I have a question for Larry Freeman regarding this proof. Larry, would you be willing to send your e-mail address to me at bdillon@aurora.edu ? My question is a bit long to post as a comment.

Thanks,

Bob Dillon
Aurora, IL
(I wasn't able to find any contact info on this blog site for you)

Bob Dillon said...

Actually, the final result is only the real part of zeta (which is all that's needed to construct the heptadecagon), and the final result cannot be found from step 20. The final result is half of z_1, and that is where the back substitution should start.

Unknown said...

Why is the real part of primitive seventeenth root of unity half of Z-1? Is there any explanation or proof for this?

Bob Dillon said...

I will use "w" for the primitive 17th root of unity (I don't know how to use Greek letters on this blog).

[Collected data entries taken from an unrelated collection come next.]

lemma markov_chain_rvs_measurable: "l \<in> {1..n} \<Longrightarrow> Z l \<in> measurable M (count_space S)"
  using chain unfolding markov_chain_rvs_def by blast

lemma markov_chain_rvs_in_space: "l \<in> {1..n} \<Longrightarrow> \<omega> \<in> space M \<Longrightarrow> Z l \<omega> \<in> S"
  using measurable_space[OF markov_chain_rvs_measurable] by force

lemma markov_chain_rvs_event:
  assumes "l \<in> {1..n}"
  shows "{\<omega>\<in>space M. Z l \<omega> \<in> A} \<in> sets M"
proof -
  have "Z l -` (A \<inter> S) \<inter> space M \<in> sets M"
    using markov_chain_rvs_measurable[OF assms] by (rule measurable_sets) auto
  moreover have "Z l -` (A \<inter> S) \<inter> space M = {\<omega>\<in>space M. Z l \<omega> \<in> A}"
    using markov_chain_rvs_in_space[OF assms] by auto
  ultimately show ?thesis by simp
qed

lemma measure_markov_chain_path:
  assumes "k \<in> {1..n}" "\<And>i. i \<in> {1..k} \<Longrightarrow> x i \<in> S"
  shows "measure M {\<omega>\<in>space M. \<forall>i\<in>{1..k}. Z i \<omega> = x i} = path_weight P \<pi> k x"
  using chain assms unfolding markov_chain_rvs_def path_weight_def by blast

lemma measure_markov_chain_cylinder:
  assumes fin: "finite S" and k: "k \<in> {1..n}" and C_sub: "\<And>l. C l \<subseteq> S"
  shows "measure M {\<omega>\<in>space M. \<forall>l\<in>{1..k}. Z l \<omega> \<in> C l} = (\<Sum>x\<in>PiE {1..k} C. path_weight P \<pi> k x)"
proof -
  interpret prob_space M
    by (rule markov_chain_rvs_prob_space)
  define E where "E x = {\<omega>\<in>space M. \<forall>i\<in>{1..k}. Z i \<omega> = x i}" for x
  have E_sets: "E x \<in> sets M" for x
    unfolding E_def
  proof (rule sets.sets_Collect_finite_All)
    show "{\<omega>\<in>space M. Z i \<omega> = x i} \<in> sets M" if "i \<in> {1..k}" for i
      using markov_chain_rvs_event[of i "{x i}"] that k by simp
  qed simp
  have cylinder_eq: "{\<omega>\<in>space M. \<forall>l\<in>{1..k}. Z l \<omega> \<in> C l} = (\<Union>x\<in>PiE {1..k} C. E x)"
    unfolding E_def by (rule cylinder_eq_UN_paths)
  have "disjoint_family_on E (PiE {1..k} C)"
    unfolding E_def by (rule disjoint_family_on_paths)
  moreover have "finite (PiE {1..k} C)"
    using fin C_sub by (intro finite_PiE) (auto intro: finite_subset)
  ultimately have "measure M (\<Union>x\<in>PiE {1..k} C. E x) = (\<Sum>x\<in>PiE {1..k} C. measure M (E x))"
    using E_sets by (intro measure_finite_Union) (auto simp: emeasure_finite)
  also have "\<dots> = (\<Sum>x\<in>PiE {1..k} C. path_weight P \<pi> k x)"
  proof (intro sum.cong refl)
    fix x assume "x \<in> PiE {1..k} C"
    then have "x i \<in> S" if "i \<in> {1..k}" for i
      using that C_sub by blast
    then show "measure M (E x) = path_weight P \<pi> k x"
      unfolding E_def using k by (rule measure_markov_chain_path[rotated])
  qed
  finally show ?thesis
    unfolding cylinder_eq .
qed

lemma measure_markov_chain_marginal:
  assumes fin: "finite S" and sd: "stationary_distribution S P \<pi>" and k: "k \<in> {1..n}" and "A \<subseteq> S"
  shows "measure M {\<omega>\<in>space M. Z k \<omega> \<in> A} = (\<Sum>y\<in>A. \<pi> y)"
proof -
  define C where "C l = (if l = k then A else S)" for l
  have C_sub: "C l \<subseteq> S" for l
    using assms unfolding C_def by auto
  have "{\<omega>\<in>space M. Z k \<omega> \<in> A} = {\<omega>\<in>space M. \<forall>l\<in>{1..k}. Z l \<omega> \<in> C l}"
    using k markov_chain_rvs_in_space by (auto simp: C_def)
  also have "measure M \<dots> = (\<Sum>x\<in>PiE {1..k} C. path_weight P \<pi> k x * (\<lambda>_. 1) (x k))"
    using measure_markov_chain_cylinder[OF fin k C_sub] by simp
  also have "\<dots> = (\<Sum>y\<in>C k. \<pi> y * 1)"
    using k by (intro sum_path_weight_stationary[OF fin C_sub sd]) (auto simp: C_def)
  finally show ?thesis
    by (simp add: C_def)
qed

lemma measure_markov_chain_joint:
  assumes fin: "finite S" and sd: "stationary_distribution S P \<pi>"
    and "1 \<le> i" "1 \<le> j" "i + j \<le> n" and "A \<subseteq> S" "B \<subseteq> S"
  shows "measure M {\<omega>\<in>space M. Z i \<omega> \<in> A \<and> Z (i + j) \<omega> \<in> B}
       = (\<Sum>x\<in>A. \<pi> x * (\<Sum>y\<in>B. mpow S P j x y))"
proof -
  obtain j' where j': "j = Suc j'"
    using \<open>1 \<le> j\<close> by (cases j) auto
  define C where "C l = (if l = i then A else if l = i + j then B else S)" for l
  have C_sub: "C l \<subseteq> S" for l
    using assms unfolding C_def by auto
  have "{\<omega>\<in>space M. Z i \<omega> \<in> A \<and> Z (i + j) \<omega> \<in> B}
      = {\<omega>\<in>space M. \<forall>l\<in>{1..i + j}. Z l \<omega> \<in> C l}"
  proof (intro Collect_cong conj_cong refl)
    fix \<omega> assume "\<omega> \<in> space M"
    then have "Z l \<omega> \<in> S" if "l \<in> {1..i + j}" for l
      using markov_chain_rvs_in_space that assms(5) by auto
    then show "(Z i \<omega> \<in> A \<and> Z (i + j) \<omega> \<in> B) = (\<forall>l\<in>{1..i + j}. Z l \<omega> \<in> C l)"
      using assms(3,4) unfolding C_def by auto
  qed
  also have "measure M \<dots>
      = (\<Sum>x\<in>PiE {1..Suc (i + j')} C. path_weight P \<pi> (Suc (i + j')) x * (\<lambda>_. 1) (x (Suc (i + j'))))"
    using measure_markov_chain_cylinder[OF fin _ C_sub, of "i + j"] assms j' by simp
  also have "\<dots>
      = (\<Sum>x\<in>PiE {1..i + j'} C. path_weight P \<pi> (i + j') x * (\<lambda>z. \<Sum>y\<in>B. P z y) (x (i + j')))"
    using \<open>1 \<le> i\<close> j' by (subst sum_path_weight_Suc) (auto simp: C_def)
  also have "\<dots>
      = (\<Sum>x\<in>PiE {1..i} C. path_weight P \<pi> i x * (\<Sum>z\<in>S. mpow S P j' (x i) z * (\<Sum>y\<in>B. P z y)))"
    using \<open>1 \<le> i\<close> j' by (intro sum_path_weight_gap[OF fin C_sub]) (auto simp: C_def)
  also have "\<dots>
      = (\<Sum>x\<in>PiE {1..i} C. path_weight P \<pi> i x * (\<lambda>u. \<Sum>y\<in>B. mpow S P j u y) (x i))"
  proof -
    have "(\<Sum>z\<in>S. mpow S P j' u z * (\<Sum>y\<in>B. P z y)) = (\<Sum>y\<in>B. mpow S P j u y)" for u
      unfolding j' by (simp add: sum_distrib_left) (rule sum.swap)
    then show ?thesis
      by simp
  qed
  also have "\<dots> = (\<Sum>x\<in>C i. \<pi> x * (\<Sum>y\<in>B. mpow S P j x y))"
    using \<open>1 \<le> i\<close> by (intro sum_path_weight_stationary[OF fin C_sub sd]) (auto simp: C_def)
  finally show ?thesis
    by (simp add: C_def)
qed

end

section \<open>\<open>\<psi>\<close>-mixing\<close>

lemma sets_vimage_algebra_count_spaceE:
  assumes "U \<in> measurable M (count_space S)" "A \<in> sets (vimage_algebra (space M) U (count_space S))"
  obtains A' where "A' \<subseteq> S" "A = {\<omega>\<in>space M. U \<omega> \<in> A'}"
proof -
  have "U \<in> space M \<rightarrow> space (count_space S)"
    using measurable_space[OF assms(1)] by blast
  then obtain A' where "A' \<subseteq> S" "A = U -` A' \<inter> space M"
    using assms(2) by (auto simp: sets_vimage_algebra2)
  then show ?thesis
    using that by blast
qed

The primitive 17th root of unity is cos(2*pi/17) + i sin(2*pi/17) [See an article on roots of unity for an explanation]. By DeMoivre's Theorem, w^n = cos(2n*pi/17)+i sin(2n*pi/17) So
w^16 = cos(32*pi/17) + i sin(32*pi/17) = cos(-2*pi/17) + i sin(-2*pi/17) since 32*pi/17 = -2*pi/17 [32*pi/17 measures the angle in the counter-clockwise direction, -2*pi/17 measures it in the clockwise direction] But recall that cos(-A) = cos(A) and sin(-A) = - sin(A), so
w + w^16 = 2*cos(2*pi/17)